+++ Records for processing

definition hip :: "complex^'n \<Rightarrow> complex^'n \<Rightarrow> complex" where
  "hip u v = (\<Sum>i\<in>UNIV. cnj (u$i) * v$i)"

definition outer :: "complex^'n \<Rightarrow> complex^'n \<Rightarrow> complex^'n^'n" where
  "outer u v = (\<chi> i j. u$i * cnj (v$j))"

text \<open>Covariance R = E[y y^H] of y = s0 h0 + s1 h1 + n, written through the second-order
  moments sig0 = E|s0|^2, sig1 = E|s1|^2, c1 = E[s0^* s1], noise covariance sn * I
  (note E[s0 s1^*] = cnj c1).\<close>
definition Rcov :: "real \<Rightarrow> real \<Rightarrow> complex \<Rightarrow> real \<Rightarrow> complex^'n \<Rightarrow> complex^'n \<Rightarrow> complex^'n^'n" where
  "Rcov sig0 sig1 c1 sn h0 h1 =
     (\<chi> i j. complex_of_real sn * (if i = j then 1 else 0)
            + complex_of_real sig0 * outer h0 h0 $ i $ j
            + cnj c1 * outer h0 h1 $ i $ j
            + c1 * outer h1 h0 $ i $ j
            + complex_of_real sig1 * outer h1 h1 $ i $ j)"

text \<open>J_MSE(w) = E|w^H y - s0|^2 = w^H R w - w^H p - p^H w + sig0, with
  p = E[y s0^*] = sig0 h0 + c1 h1.\<close>
definition Jmse :: "real \<Rightarrow> real \<Rightarrow> complex \<Rightarrow> real \<Rightarrow> complex^'n \<Rightarrow> complex^'n \<Rightarrow> complex^'n \<Rightarrow> real" where
  "Jmse sig0 sig1 c1 sn h0 h1 w =
     (let p = complex_of_real sig0 *s h0 + c1 *s h1 in
      Re (hip w (Rcov sig0 sig1 c1 sn h0 h1 *v w) - hip w p - hip p w + complex_of_real sig0))"

definition bf :: "complex^'n^'n \<Rightarrow> complex^'n \<Rightarrow> complex^'n" where
  "bf A h0 = (1 / hip h0 (matrix_inv A *v h0)) *s (matrix_inv A *v h0)"

definition wRZF :: "real \<Rightarrow> real \<Rightarrow> complex \<Rightarrow> real \<Rightarrow> complex^'n \<Rightarrow> complex^'n \<Rightarrow> real \<Rightarrow> complex^'n" where
  "wRZF sig0 sig1 c1 sn h0 h1 lam =
     bf (Rcov sig0 sig1 c1 sn h0 h1 + (\<chi> i j. complex_of_real lam * outer h1 h1 $ i $ j)) h0"

definition MSE_RZF :: "real \<Rightarrow> real \<Rightarrow> complex \<Rightarrow> real \<Rightarrow> complex^'n \<Rightarrow> complex^'n \<Rightarrow> real" where
  "MSE_RZF sig0 sig1 c1 sn h0 h1 =
     (INF lam\<in>{0::real..}. Jmse sig0 sig1 c1 sn h0 h1 (wRZF sig0 sig1 c1 sn h0 h1 lam))"

definition wMMSEDR :: "real \<Rightarrow> real \<Rightarrow> complex^'n \<Rightarrow> complex^'n \<Rightarrow> complex^'n" where
  "wMMSEDR sig1 sn h0 h1 =
     bf (\<chi> i j. complex_of_real sn * (if i = j then 1 else 0)
              + complex_of_real sig1 * outer h1 h1 $ i $ j) h0"

definition MSE_MMSEDR :: "real \<Rightarrow> real \<Rightarrow> complex \<Rightarrow> real \<Rightarrow> complex^'n \<Rightarrow> complex^'n \<Rightarrow> real" where
  "MSE_MMSEDR sig0 sig1 c1 sn h0 h1 = Jmse sig0 sig1 c1 sn h0 h1 (wMMSEDR sig1 sn h0 h1)"

end

theory Submission
  imports Defs
begin

(* If A = sn I + M with M a positive semidefinite combination of h0 h0^H, h0 h1^H, h1 h0^H and
   h1 h1^H, the beamformer w = A^-1 h0 / (h0^H A^-1 h0) is distortionless (h0^H w = 1) and lies in
   span {h0, h1}. For such w the norm, and hence the MSE sn |w|^2 + sig1 |h1^H w|^2, depends only
   on the leakage B = h1^H w; as a function of B the MSE is a strictly convex quadratic whose
   minimiser B* is exactly the leakage of the MMSE-DR beamformer. The RZF leakages satisfy
   B(lam) - B* = - C (lam sn r + (sn + sig1 C) c1) / ((sn + sig1 C) (sn + (sig1 + lam) C)),
   with r = cnj (h0^H h1) and C = cos^2 tau. The conic combination lam sn r + (sn + sig1 C) c1
   vanishes for some lam >= 0 iff c1 is a negative multiple of r, i.e. iff cos (phi_c + phi_z) = -1;
   otherwise the cone spanned by r and c1 is pointed, which keeps B(lam) uniformly away from B*,
   so the infimum over lam exceeds the MMSE-DR value. *)

lemma hip_add_right: "hip u (v + w) = hip u v + hip u w"
  by (simp add: hip_def distrib_left sum.distrib)

lemma hip_add_left: "hip (u + v) w = hip u w + hip v w"
  by (simp add: hip_def distrib_right sum.distrib)

lemma hip_scale_right: "hip u (k *s v) = k * hip u v"
  by (simp add: hip_def sum_distrib_left mult.left_commute)

lemma hip_scale_left: "hip (k *s u) v = cnj k * hip u v"
  by (simp add: hip_def sum_distrib_left mult.assoc)

lemma hip_commute: "hip u v = cnj (hip v u)"
  by (simp add: hip_def mult.commute)

lemma hip_self: "hip u u = complex_of_real ((norm u)\<^sup>2)"
proof -
  have "hip u u = (\<Sum>i\<in>UNIV. complex_of_real ((cmod (u$i))\<^sup>2))"
    unfolding hip_def
    by (rule sum.cong) (auto simp: complex_norm_square mult.commute simp del: of_real_power)
  also have "\<dots> = complex_of_real (\<Sum>i\<in>UNIV. (cmod (u$i))\<^sup>2)"
    by simp
  also have "(\<Sum>i\<in>UNIV. (cmod (u$i))\<^sup>2) = (norm u)\<^sup>2"
    unfolding norm_vec_def L2_set_def by (simp add: sum_nonneg)
  finally show ?thesis .
qed

lemma cmod_add_power2: "(cmod (z + w))\<^sup>2 = (cmod z)\<^sup>2 + (cmod w)\<^sup>2 + 2 * Re (z * cnj w)"
  unfolding cmod_power2 by (simp add: power2_eq_square algebra_simps)

lemma Rcov_mult_vector:
  "Rcov a b c sn h0 h1 *v x = complex_of_real sn *s x
     + (complex_of_real a * hip h0 x + cnj c * hip h1 x) *s h0
     + (c * hip h0 x + complex_of_real b * hip h1 x) *s h1"
proof -
  have delta: "(\<Sum>j\<in>UNIV. k * (x $ j * (if i = j then 1 else 0))) = k * x $ i" for k i
    by (simp add: if_distrib cong: if_cong)
  show ?thesis
    unfolding Rcov_def matrix_vector_mult_def hip_def outer_def
    by (simp add: vec_eq_iff algebra_simps sum.distrib sum_distrib_left delta)
qed

lemma two_mult_le_of_square_le:
  fixes a b k p q :: real
  assumes "a \<ge> 0" "b \<ge> 0" "k\<^sup>2 \<le> a * b"
  shows "2 * k * p * q \<le> a * p\<^sup>2 + b * q\<^sup>2"
proof (cases "a = 0")
  case True
  then show ?thesis using assms by simp
next
  case False
  have "a * (a * p\<^sup>2 + b * q\<^sup>2 - 2 * k * p * q) = (a * p - k * q)\<^sup>2 + (a * b - k\<^sup>2) * q\<^sup>2"
    by (simp add: algebra_simps power2_eq_square)
  also have "\<dots> \<ge> 0" using assms by simp
  finally show ?thesis using assms False by (simp add: zero_le_mult_iff)
qed

lemma Re_hip_Rcov_ge:
  assumes "a \<ge> 0" "b \<ge> 0" "(cmod c)\<^sup>2 \<le> a * b"
  shows "sn * (norm x)\<^sup>2 \<le> Re (hip x (Rcov a b c sn h0 h1 *v x))"
proof -
  define P Q where "P = hip h0 x" and "Q = hip h1 x"
  have "hip x (Rcov a b c sn h0 h1 *v x) = complex_of_real sn * hip x x
     + (complex_of_real a * P + cnj c * Q) * cnj P + (c * P + complex_of_real b * Q) * cnj Q"
    unfolding Rcov_mult_vector P_def Q_def
    by (simp add: hip_add_right hip_scale_right hip_commute[of x h0] hip_commute[of x h1] algebra_simps)
  also have "\<dots> = complex_of_real (sn * (norm x)\<^sup>2 + a * (cmod P)\<^sup>2 + b * (cmod Q)\<^sup>2)
      + (c * P * cnj Q + cnj (c * P * cnj Q))"
    by (simp add: hip_self complex_norm_square algebra_simps del: of_real_power)
  finally have quad: "Re (hip x (Rcov a b c sn h0 h1 *v x))
      = sn * (norm x)\<^sup>2 + a * (cmod P)\<^sup>2 + b * (cmod Q)\<^sup>2 + 2 * Re (c * P * cnj Q)"
    by (simp add: algebra_simps)
  have "- (cmod c * cmod P * cmod Q) \<le> Re (c * P * cnj Q)"
    using abs_Re_le_cmod[of "c * P * cnj Q"] by (simp add: norm_mult)
  moreover have "2 * cmod c * cmod P * cmod Q \<le> a * (cmod P)\<^sup>2 + b * (cmod Q)\<^sup>2"
    using assms by (intro two_mult_le_of_square_le) auto
  ultimately show ?thesis unfolding quad by linarith
qed

lemma bf_distortionless:
  fixes A :: "complex^'n^'n"
  assumes pos: "\<And>x. x \<noteq> 0 \<Longrightarrow> Re (hip x (A *v x)) > 0" and "h \<noteq> 0"
  shows "hip h (bf A h) = 1" and "\<exists>\<mu>. A *v bf A h = \<mu> *s h"
proof -
  have "\<forall>x. A *v x = 0 \<longrightarrow> x = 0"
    using pos by (fastforce simp: hip_def)
  then have "invertible A"
    using matrix_left_invertible_ker invertible_left_inverse by blast
  then have "A ** matrix_inv A = mat 1"
    unfolding matrix_inv_def invertible_def by (rule someI2_ex) simp
  define x where "x = matrix_inv A *v h"
  define P where "P = hip h x"
  have Ax: "A *v x = h"
    unfolding x_def using \<open>A ** matrix_inv A = mat 1\<close> by (simp add: matrix_vector_mul_assoc)
  then have "x \<noteq> 0"
    using \<open>h \<noteq> 0\<close> by auto
  then have "Re P > 0"
    using pos[of x] Ax unfolding P_def by (subst hip_commute) simp
  then have "P \<noteq> 0" by auto
  have w: "bf A h = (1 / P) *s x"
    unfolding bf_def x_def P_def ..
  show "hip h (bf A h) = 1"
    using \<open>P \<noteq> 0\<close> unfolding w hip_scale_right P_def[symmetric] by simp
  show "\<exists>\<mu>. A *v bf A h = \<mu> *s h"
    unfolding w vec.linear_scale[OF matrix_vector_mul_linear_gen] Ax by blast
qed

lemma distortionless_in_span:
  assumes "norm h0 = 1" "norm h1 = 1" "w = \<alpha> *s h0 + \<beta> *s h1" "hip h0 w = 1"
  defines "\<rho> \<equiv> hip h0 h1" and "C \<equiv> 1 - (cmod (hip h0 h1))\<^sup>2"
  shows "\<beta> * C = hip h1 w - cnj \<rho>"
    and "C * (norm w)\<^sup>2 = C + (cmod (hip h1 w - cnj \<rho>))\<^sup>2"
proof -
  define B where "B = hip h1 w"
  have unit: "hip h0 h0 = 1" "hip h1 h1 = 1"
    using assms(1,2) by (simp_all add: hip_self)
  have rr: "\<rho> * cnj \<rho> = 1 - complex_of_real C"
    unfolding C_def \<rho>_def by (simp add: complex_norm_square del: of_real_power)
  have h0w: "\<alpha> + \<beta> * \<rho> = 1"
    using assms(4) unfolding assms(3) \<rho>_def by (simp add: hip_add_right hip_scale_right unit)
  have h1w: "B = \<alpha> * cnj \<rho> + \<beta>"
    unfolding B_def assms(3) \<rho>_def
    by (simp add: hip_add_right hip_scale_right unit hip_commute[of h1 h0])
  have \<beta>C: "\<beta> * C = B - cnj \<rho>"
  proof -
    have "B - cnj \<rho> = (\<alpha> * cnj \<rho> + \<beta>) - (\<alpha> + \<beta> * \<rho>) * cnj \<rho>"
      using h1w h0w by simp
    also have "\<dots> = \<beta> * (1 - \<rho> * cnj \<rho>)"
      by (simp add: algebra_simps)
    finally show ?thesis unfolding rr by simp
  qed
  then show "\<beta> * C = hip h1 w - cnj \<rho>" unfolding B_def .
  have "hip w w = cnj \<alpha> + cnj \<beta> * B"
    using assms(4) unfolding B_def
    by (subst (1) assms(3)) (simp add: hip_add_left hip_scale_left)
  also have "cnj \<alpha> = 1 - cnj \<beta> * cnj \<rho>"
    using arg_cong[OF h0w, of cnj] by (simp add: algebra_simps)
  finally have ww: "hip w w = 1 + cnj \<beta> * (B - cnj \<rho>)"
    by (simp add: algebra_simps)
  have "complex_of_real C * hip w w = C + cnj (\<beta> * C) * (B - cnj \<rho>)"
    unfolding ww by (simp add: algebra_simps)
  also have "\<dots> = complex_of_real (C + (cmod (B - cnj \<rho>))\<^sup>2)"
    unfolding \<beta>C by (simp add: complex_norm_square mult.commute del: of_real_power)
  finally show "C * (norm w)\<^sup>2 = C + (cmod (hip h1 w - cnj \<rho>))\<^sup>2"
    unfolding hip_self B_def by (metis of_real_eq_iff of_real_mult)
qed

++++++

» Work to be completed: What you return should be exactly the lines above, starting at the one with "h0 h1 $ i $ j" and ending at the one with "bf (Rcov sig0", and nothing else.

» Solution for this task:
            + cnj c1 * outer h0 h1 $ i $ j
            + c1 * outer h1 h0 $ i $ j
            + complex_of_real sig1 * outer h1 h1 $ i $ j)"

text \<open>J_MSE(w) = E|w^H y - s0|^2 = w^H R w - w^H p - p^H w + sig0, with
  p = E[y s0^*] = sig0 h0 + c1 h1.\<close>
definition Jmse :: "real \<Rightarrow> real \<Rightarrow> complex \<Rightarrow> real \<Rightarrow> complex^'n \<Rightarrow> complex^'n \<Rightarrow> complex^'n \<Rightarrow> real" where
  "Jmse sig0 sig1 c1 sn h0 h1 w =
     (let p = complex_of_real sig0 *s h0 + c1 *s h1 in
      Re (hip w (Rcov sig0 sig1 c1 sn h0 h1 *v w) - hip w p - hip p w + complex_of_real sig0))"

definition bf :: "complex^'n^'n \<Rightarrow> complex^'n \<Rightarrow> complex^'n" where
  "bf A h0 = (1 / hip h0 (matrix_inv A *v h0)) *s (matrix_inv A *v h0)"

definition wRZF :: "real \<Rightarrow> real \<Rightarrow> complex \<Rightarrow> real \<Rightarrow> complex^'n \<Rightarrow> complex^'n \<Rightarrow> real \<Rightarrow> complex^'n" where
  "wRZF sig0 sig1 c1 sn h0 h1 lam =
     bf (Rcov sig0 sig1 c1 sn h0 h1 + (\<chi> i j. complex_of_real lam * outer h1 h1 $ i $ j)) h0"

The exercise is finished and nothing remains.